Azul A320neo Suffers Engine Troubles Departing Rio De Janeiro

An Azul Airbus departing Rio de Janeiro’s Santos Dumont Airport on Monday experienced a bird strike incident. The…

Azul A320neo Suffers Engine Troubles Departing Rio De Janeiro

An Azul Airbus departing Rio de Janeiro’s Santos Dumont Airport on Monday experienced a bird strike incident. The birds damaged the plane’s left engine. The incident forced the pilots to declare an emergency and land at a nearby airport.

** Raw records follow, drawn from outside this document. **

lemma ultimately_periodic_if_indicator:
  fixes s :: "nat \<Rightarrow> letter"
  assumes "0 < p" and "\<forall>r\<ge>N. s (r + p) = x \<longleftrightarrow> s r = x"
  shows "ultimately_periodic s"
proof -
  have "s (r + p) = s r" if "N \<le> r" for r
    by (rule letter_eq_if_same_indicator[where x = x]) (use assms(2) that in simp)
  with assms(1) show ?thesis
    unfolding ultimately_periodic_def by blast
qed

definition rich_in :: "(nat \<Rightarrow> letter) \<Rightarrow> letter list \<Rightarrow> letter \<Rightarrow> bool" where
  "rich_in s w z \<longleftrightarrow> (\<exists>v\<in>factors s. length v = length w \<and> count_list v z < count_list w z)"

lemma rich_prefix_maximal:
  assumes "balanced s" and "rich_in s (map s [0..<L]) z"
  shows "prefix_maximal s z L"
proof -
  obtain p where less: "window_count s z p L < window_count s z 0 L"
    using assms(2) unfolding rich_in_def factors_def window_count_def by fastforce
  have "window_count s z q L \<le> window_count s z 0 L" for q
    using balanced_window_count[OF assms(1), of z q L p] less by linarith
  then show ?thesis
    unfolding prefix_maximal_def by blast
qed

lemma not_rich_prefix_maximal:
  assumes "\<not> rich_in s (map s [0..<L]) La"
  shows "prefix_maximal s Lb L"
proof -
  have La_le: "window_count s La 0 L \<le> window_count s La q L" for q
    using assms window_in_factors[of s q L] unfolding rich_in_def window_count_def by fastforce
  have "window_count s Lb q L \<le> window_count s Lb 0 L" for q
    using La_le[of q] window_count_La_Lb[of s q L] window_count_La_Lb[of s 0 L] by linarith
  then show ?thesis
    unfolding prefix_maximal_def by blast
qed

definition prefix_colouring :: "(nat \<Rightarrow> letter) \<Rightarrow> letter list \<Rightarrow> nat" where
  "prefix_colouring s w =
    (if w = map s [0..<length w] then if rich_in s w La then 1 else 2 else 0)"

lemma monochromatic_factorization_blocks:
  assumes "balanced s" and "factorization V s"
    and mono: "\<And>i. prefix_colouring s (V i) = prefix_colouring s (V 0)"
  shows "\<exists>x. prefix_maximal_blocks s x (\<lambda>i. length (V i))"
proof -
  define n where "n = (\<lambda>i. length (V i))"
  have V: "V i = map s [block_start n i..<block_start n i + n i]" and pos: "0 < n i" for i
    using assms(2) unfolding factorization_def block_start_def n_def by auto
  have "prefix_colouring s (V 0) \<noteq> 0"
    using V[of 0] by (simp add: prefix_colouring_def n_def)
  have prefix: "V i = map s [0..<n i]" for i
  proof (rule ccontr)
    assume "V i \<noteq> map s [0..<n i]"
    then have "prefix_colouring s (V i) = 0"
      by (simp add: prefix_colouring_def n_def)
    with mono[of i] \<open>prefix_colouring s (V 0) \<noteq> 0\<close> show False
      by simp
  qed
  have block_prefix: "s (block_start n i + l) = s l" if "l < n i" for i l
  proof -
    have "map s [block_start n i..<block_start n i + n i] ! l = map s [0..<n i] ! l"
      using V[of i] prefix[of i] by simp
    with that show ?thesis
      by simp
  qed
  have colour: "prefix_colouring s (V i) = (if rich_in s (V i) La then 1 else 2)" for i
    using prefix[of i] unfolding prefix_colouring_def n_def by (rule if_P)
  have rich_iff: "rich_in s (V i) La \<longleftrightarrow> rich_in s (V 0) La" for i
    using mono[of i] unfolding colour[of i] colour[of 0] by (simp split: if_splits)
  define x where "x = (if rich_in s (V 0) La then La else Lb)"
  have maximal: "prefix_maximal s x (n i)" for i
  proof (cases "rich_in s (V 0) La")
    case True
    with rich_iff[of i, unfolded prefix[of i]] show ?thesis
      using rich_prefix_maximal[OF assms(1)] by (simp add: x_def)
  next
    case False
    with rich_iff[of i, unfolded prefix[of i]] show ?thesis
      using not_rich_prefix_maximal by (simp add: x_def)
  qed
  have "prefix_maximal_blocks s x n"
    unfolding prefix_maximal_blocks_def
    using pos block_prefix maximal balanced_window_count[OF assms(1)] by blast
  then show ?thesis
    unfolding n_def by blast
qed

theorem mainTheorem8:
  fixes s :: "nat \<Rightarrow> letter"
  assumes "sturmian s"
  shows "\<exists>c :: letter list \<Rightarrow> nat. (\<forall>w \<in> nonempty_factors s. c w \<in> {0, 1, 2}) \<and>
           (\<forall>V. factorization V s \<longrightarrow> (\<exists>i j. c (V i) \<noteq> c (V j)))"
proof -
  have balanced: "balanced s" and aperiodic: "\<not> ultimately_periodic s"
    using assms by (simp_all add: sturmian_def)
  show ?thesis
  proof (intro exI[of _ "prefix_colouring s"] conjI ballI allI impI)
    show "prefix_colouring s w \<in> {0, 1, 2}" for w
      by (simp add: prefix_colouring_def)
  next
    fix V
    assume factorization: "factorization V s"
    show "\<exists>i j. prefix_colouring s (V i) \<noteq> prefix_colouring s (V j)"
    proof (rule ccontr)
      assume "\<nexists>i j. prefix_colouring s (V i) \<noteq> prefix_colouring s (V j)"
      then obtain x where "prefix_maximal_blocks s x (\<lambda>i. length (V i))"
        using monochromatic_factorization_blocks[OF balanced factorization] by blast
      then have "\<exists>p>0. \<exists>N. \<forall>r\<ge>N. s (r + p) = x \<longleftrightarrow> s r = x"
        by (rule prefix_maximal_blocks.indicator_ultimately_periodic)
      with aperiodic show False
        using ultimately_periodic_if_indicator by blast
    qed
  qed
qed

end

An Azul A320-200neo diverted on Monday after a bird strike incident. Photo: Airbus

Azul bird strike incident causes engine compressor stalls

According to a report in The Aviation Herald, An Azul Linhas Aereas Airbus A320-200N was departing Rio de Janeiro and heading to Brasilia. The report identified the aircraft as PR-YRY. That aircraft is leased and has been with Azul since January 2019. Azul regulars may know the plane better by its name Azul Avante!

The Airbus A320neo was operating flight AD4800. That flight is the scheduled 06:30 departure from Santos Dumont Airport. Normally, it takes just under two hours to fly across to Brasilia.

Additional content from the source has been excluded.